THE PROBLEM
Nothing should be left out: repeat all the data exactly.

RECORDS FOR THE EXERCISE
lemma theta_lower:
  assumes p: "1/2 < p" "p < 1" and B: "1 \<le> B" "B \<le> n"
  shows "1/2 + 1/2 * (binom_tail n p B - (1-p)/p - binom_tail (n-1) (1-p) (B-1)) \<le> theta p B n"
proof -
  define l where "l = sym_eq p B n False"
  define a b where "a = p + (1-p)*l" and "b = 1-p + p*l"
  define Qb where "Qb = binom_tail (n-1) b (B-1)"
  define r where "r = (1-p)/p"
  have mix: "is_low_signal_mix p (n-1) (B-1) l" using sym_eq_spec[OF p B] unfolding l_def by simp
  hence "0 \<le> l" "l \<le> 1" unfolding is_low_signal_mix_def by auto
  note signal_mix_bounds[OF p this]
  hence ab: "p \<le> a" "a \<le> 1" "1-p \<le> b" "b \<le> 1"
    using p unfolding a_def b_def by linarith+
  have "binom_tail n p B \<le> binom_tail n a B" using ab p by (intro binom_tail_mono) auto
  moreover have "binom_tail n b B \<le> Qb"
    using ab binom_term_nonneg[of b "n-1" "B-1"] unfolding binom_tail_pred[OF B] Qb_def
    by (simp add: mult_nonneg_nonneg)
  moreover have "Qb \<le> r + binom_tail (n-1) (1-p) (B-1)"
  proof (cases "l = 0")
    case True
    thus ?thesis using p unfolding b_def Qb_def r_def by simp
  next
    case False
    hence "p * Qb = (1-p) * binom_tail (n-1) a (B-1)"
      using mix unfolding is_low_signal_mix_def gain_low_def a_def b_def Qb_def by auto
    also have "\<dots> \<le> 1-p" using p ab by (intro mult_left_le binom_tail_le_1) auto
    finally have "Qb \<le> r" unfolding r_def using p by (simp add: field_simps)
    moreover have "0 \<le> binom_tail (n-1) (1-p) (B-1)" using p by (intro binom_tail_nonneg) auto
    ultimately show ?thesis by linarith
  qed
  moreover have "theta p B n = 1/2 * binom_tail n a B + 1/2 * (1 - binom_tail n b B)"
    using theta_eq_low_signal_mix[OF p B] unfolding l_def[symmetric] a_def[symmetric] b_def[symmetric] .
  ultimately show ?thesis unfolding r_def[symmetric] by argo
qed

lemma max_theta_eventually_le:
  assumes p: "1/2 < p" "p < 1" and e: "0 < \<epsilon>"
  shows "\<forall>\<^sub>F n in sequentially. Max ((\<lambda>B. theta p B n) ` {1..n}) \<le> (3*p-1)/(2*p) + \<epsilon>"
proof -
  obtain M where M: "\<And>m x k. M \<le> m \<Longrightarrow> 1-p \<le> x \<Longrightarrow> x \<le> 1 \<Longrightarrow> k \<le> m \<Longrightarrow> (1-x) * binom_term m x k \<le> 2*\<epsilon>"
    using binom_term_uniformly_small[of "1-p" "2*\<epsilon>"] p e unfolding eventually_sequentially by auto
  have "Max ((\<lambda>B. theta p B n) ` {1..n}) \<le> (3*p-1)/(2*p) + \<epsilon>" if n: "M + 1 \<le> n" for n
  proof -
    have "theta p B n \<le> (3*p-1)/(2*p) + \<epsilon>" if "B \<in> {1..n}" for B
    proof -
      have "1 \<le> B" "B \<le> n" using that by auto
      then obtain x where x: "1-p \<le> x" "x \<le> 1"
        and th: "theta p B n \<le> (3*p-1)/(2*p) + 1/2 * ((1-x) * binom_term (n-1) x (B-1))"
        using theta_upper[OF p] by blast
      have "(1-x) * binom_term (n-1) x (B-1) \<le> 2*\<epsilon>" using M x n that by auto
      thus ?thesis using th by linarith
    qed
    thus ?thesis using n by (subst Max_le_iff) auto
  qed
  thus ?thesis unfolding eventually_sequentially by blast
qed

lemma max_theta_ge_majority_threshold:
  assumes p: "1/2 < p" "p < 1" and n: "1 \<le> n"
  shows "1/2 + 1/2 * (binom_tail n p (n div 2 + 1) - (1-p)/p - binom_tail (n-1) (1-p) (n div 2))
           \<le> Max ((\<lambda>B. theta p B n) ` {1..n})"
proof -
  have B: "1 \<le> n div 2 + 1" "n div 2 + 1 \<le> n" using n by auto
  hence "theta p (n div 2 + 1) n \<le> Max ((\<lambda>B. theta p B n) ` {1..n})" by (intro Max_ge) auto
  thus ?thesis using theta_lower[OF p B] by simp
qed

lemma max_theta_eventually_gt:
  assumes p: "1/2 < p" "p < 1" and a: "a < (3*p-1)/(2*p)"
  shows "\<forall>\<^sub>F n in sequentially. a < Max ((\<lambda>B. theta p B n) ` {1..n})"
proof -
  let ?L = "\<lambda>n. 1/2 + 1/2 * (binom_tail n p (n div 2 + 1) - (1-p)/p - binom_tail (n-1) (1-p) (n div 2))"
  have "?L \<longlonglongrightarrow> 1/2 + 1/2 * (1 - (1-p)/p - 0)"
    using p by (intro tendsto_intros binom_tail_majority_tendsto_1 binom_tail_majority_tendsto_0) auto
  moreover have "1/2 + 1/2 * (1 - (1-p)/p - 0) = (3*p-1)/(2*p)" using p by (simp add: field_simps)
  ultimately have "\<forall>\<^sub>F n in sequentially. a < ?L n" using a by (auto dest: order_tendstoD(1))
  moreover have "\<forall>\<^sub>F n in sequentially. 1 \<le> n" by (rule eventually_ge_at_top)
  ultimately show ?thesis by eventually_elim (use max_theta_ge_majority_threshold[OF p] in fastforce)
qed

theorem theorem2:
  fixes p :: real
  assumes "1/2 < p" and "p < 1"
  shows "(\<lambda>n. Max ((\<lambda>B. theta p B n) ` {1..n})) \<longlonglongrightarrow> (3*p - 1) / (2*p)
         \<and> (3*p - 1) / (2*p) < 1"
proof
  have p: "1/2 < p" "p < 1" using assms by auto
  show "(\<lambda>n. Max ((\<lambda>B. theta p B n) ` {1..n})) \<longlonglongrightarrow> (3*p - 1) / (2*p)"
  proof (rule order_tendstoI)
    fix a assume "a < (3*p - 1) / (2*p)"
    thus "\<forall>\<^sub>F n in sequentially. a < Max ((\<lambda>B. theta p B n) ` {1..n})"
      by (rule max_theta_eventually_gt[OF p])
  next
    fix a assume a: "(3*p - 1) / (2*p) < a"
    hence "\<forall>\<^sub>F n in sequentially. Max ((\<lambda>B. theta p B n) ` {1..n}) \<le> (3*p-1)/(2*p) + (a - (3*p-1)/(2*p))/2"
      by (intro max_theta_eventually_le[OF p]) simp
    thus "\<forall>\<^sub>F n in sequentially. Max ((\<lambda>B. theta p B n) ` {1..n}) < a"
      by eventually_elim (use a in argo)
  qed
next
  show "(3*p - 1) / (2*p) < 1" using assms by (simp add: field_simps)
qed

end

TASK OUTPUT
lemma theta_lower:
  assumes p: "1/2 < p" "p < 1" and B: "1 \<le> B" "B \<le> n"
  shows "1/2 + 1/2 * (binom_tail n p B - (1-p)/p - binom_tail (n-1) (1-p) (B-1)) \<le> theta p B n"
proof -
  define l where "l = sym_eq p B n False"
  define a b where "a = p + (1-p)*l" and "b = 1-p + p*l"
  define Qb where "Qb = binom_tail (n-1) b (B-1)"
  define r where "r = (1-p)/p"
  have mix: "is_low_signal_mix p (n-1) (B-1) l" using sym_eq_spec[OF p B] unfolding l_def by simp
  hence "0 \<le> l" "l \<le> 1" unfolding is_low_signal_mix_def by auto
  note signal_mix_bounds[OF p this]
  hence ab: "p \<le> a" "a \<le> 1" "1-p \<le> b" "b \<le> 1"
    using p unfolding a_def b_def by linarith+
  have "binom_tail n p B \<le> binom_tail n a B" using ab p by (intro binom_tail_mono) auto
  moreover have "binom_tail n b B \<le> Qb"
    using ab binom_term_nonneg[of b "n-1" "B-1"] unfolding binom_tail_pred[OF B] Qb_def
    by (simp add: mult_nonneg_nonneg)
  moreover have "Qb \<le> r + binom_tail (n-1) (1-p) (B-1)"
  proof (cases "l = 0")
    case True
    thus ?thesis using p unfolding b_def Qb_def r_def by simp
  next
    case False
    hence "p * Qb = (1-p) * binom_tail (n-1) a (B-1)"
      using mix unfolding is_low_signal_mix_def gain_low_def a_def b_def Qb_def by auto
    also have "\<dots> \<le> 1-p" using p ab by (intro mult_left_le binom_tail_le_1) auto
    finally have "Qb \<le> r" unfolding r_def using p by (simp add: field_simps)
    moreover have "0 \<le> binom_tail (n-1) (1-p) (B-1)" using p by (intro binom_tail_nonneg) auto
    ultimately show ?thesis by linarith
  qed
  moreover have "theta p B n = 1/2 * binom_tail n a B + 1/2 * (1 - binom_tail n b B)"
    using theta_eq_low_signal_mix[OF p B] unfolding l_def[symmetric] a_def[symmetric] b_def[symmetric] .
  ultimately show ?thesis unfolding r_def[symmetric] by argo
qed

lemma max_theta_eventually_le:
  assumes p: "1/2 < p" "p < 1" and e: "0 < \<epsilon>"
  shows "\<forall>\<^sub>F n in sequentially. Max ((\<lambda>B. theta p B n) ` {1..n}) \<le> (3*p-1)/(2*p) + \<epsilon>"
proof -
  obtain M where M: "\<And>m x k. M \<le> m \<Longrightarrow> 1-p \<le> x \<Longrightarrow> x \<le> 1 \<Longrightarrow> k \<le> m \<Longrightarrow> (1-x) * binom_term m x k \<le> 2*\<epsilon>"
    using binom_term_uniformly_small[of "1-p" "2*\<epsilon>"] p e unfolding eventually_sequentially by auto
  have "Max ((\<lambda>B. theta p B n) ` {1..n}) \<le> (3*p-1)/(2*p) + \<epsilon>" if n: "M + 1 \<le> n" for n
  proof -
    have "theta p B n \<le> (3*p-1)/(2*p) + \<epsilon>" if "B \<in> {1..n}" for B
    proof -
      have "1 \<le> B" "B \<le> n" using that by auto
      then obtain x where x: "1-p \<le> x" "x \<le> 1"
        and th: "theta p B n \<le> (3*p-1)/(2*p) + 1/2 * ((1-x) * binom_term (n-1) x (B-1))"
        using theta_upper[OF p] by blast
      have "(1-x) * binom_term (n-1) x (B-1) \<le> 2*\<epsilon>" using M x n that by auto
      thus ?thesis using th by linarith
    qed
    thus ?thesis using n by (subst Max_le_iff) auto
  qed
  thus ?thesis unfolding eventually_sequentially by blast
qed

lemma max_theta_ge_majority_threshold:
  assumes p: "1/2 < p" "p < 1" and n: "1 \<le> n"
  shows "1/2 + 1/2 * (binom_tail n p (n div 2 + 1) - (1-p)/p - binom_tail (n-1) (1-p) (n div 2))
           \<le> Max ((\<lambda>B. theta p B n) ` {1..n})"
proof -
  have B: "1 \<le> n div 2 + 1" "n div 2 + 1 \<le> n" using n by auto
  hence "theta p (n div 2 + 1) n \<le> Max ((\<lambda>B. theta p B n) ` {1..n})" by (intro Max_ge) auto
  thus ?thesis using theta_lower[OF p B] by simp
qed

lemma max_theta_eventually_gt:
  assumes p: "1/2 < p" "p < 1" and a: "a < (3*p-1)/(2*p)"
  shows "\<forall>\<^sub>F n in sequentially. a < Max ((\<lambda>B. theta p B n) ` {1..n})"
proof -
  let ?L = "\<lambda>n. 1/2 + 1/2 * (binom_tail n p (n div 2 + 1) - (1-p)/p - binom_tail (n-1) (1-p) (n div 2))"
  have "?L \<longlonglongrightarrow> 1/2 + 1/2 * (1 - (1-p)/p - 0)"
    using p by (intro tendsto_intros binom_tail_majority_tendsto_1 binom_tail_majority_tendsto_0) auto
  moreover have "1/2 + 1/2 * (1 - (1-p)/p - 0) = (3*p-1)/(2*p)" using p by (simp add: field_simps)
  ultimately have "\<forall>\<^sub>F n in sequentially. a < ?L n" using a by (auto dest: order_tendstoD(1))
  moreover have "\<forall>\<^sub>F n in sequentially. 1 \<le> n" by (rule eventually_ge_at_top)
  ultimately show ?thesis by eventually_elim (use max_theta_ge_majority_threshold[OF p] in fastforce)
qed

theorem theorem2:
  fixes p :: real
  assumes "1/2 < p" and "p < 1"
  shows "(\<lambda>n. Max ((\<lambda>B. theta p B n) ` {1..n})) \<longlonglongrightarrow> (3*p - 1) / (2*p)
         \<and> (3*p - 1) / (2*p) < 1"
proof
  have p: "1/2 < p" "p < 1" using assms by auto
  show "(\<lambda>n. Max ((\<lambda>B. theta p B n) ` {1..n})) \<longlonglongrightarrow> (3*p - 1) / (2*p)"
  proof (rule order_tendstoI)
    fix a assume "a < (3*p - 1) / (2*p)"
    thus "\<forall>\<^sub>F n in sequentially. a < Max ((\<lambda>B. theta p B n) ` {1..n})"
      by (rule max_theta_eventually_gt[OF p])
  next
    fix a assume a: "(3*p - 1) / (2*p) < a"
    hence "\<forall>\<^sub>F n in sequentially. Max ((\<lambda>B. theta p B n) ` {1..n}) \<le> (3*p-1)/(2*p) + (a - (3*p-1)/(2*p))/2"
      by (intro max_theta_eventually_le[OF p]) simp
    thus "\<forall>\<^sub>F n in sequentially. Max ((\<lambda>B. theta p B n) ` {1..n}) < a"
      by eventually_elim (use a in argo)
  qed
next
  show "(3*p - 1) / (2*p) < 1" using assms by (simp add: field_simps)
qed

end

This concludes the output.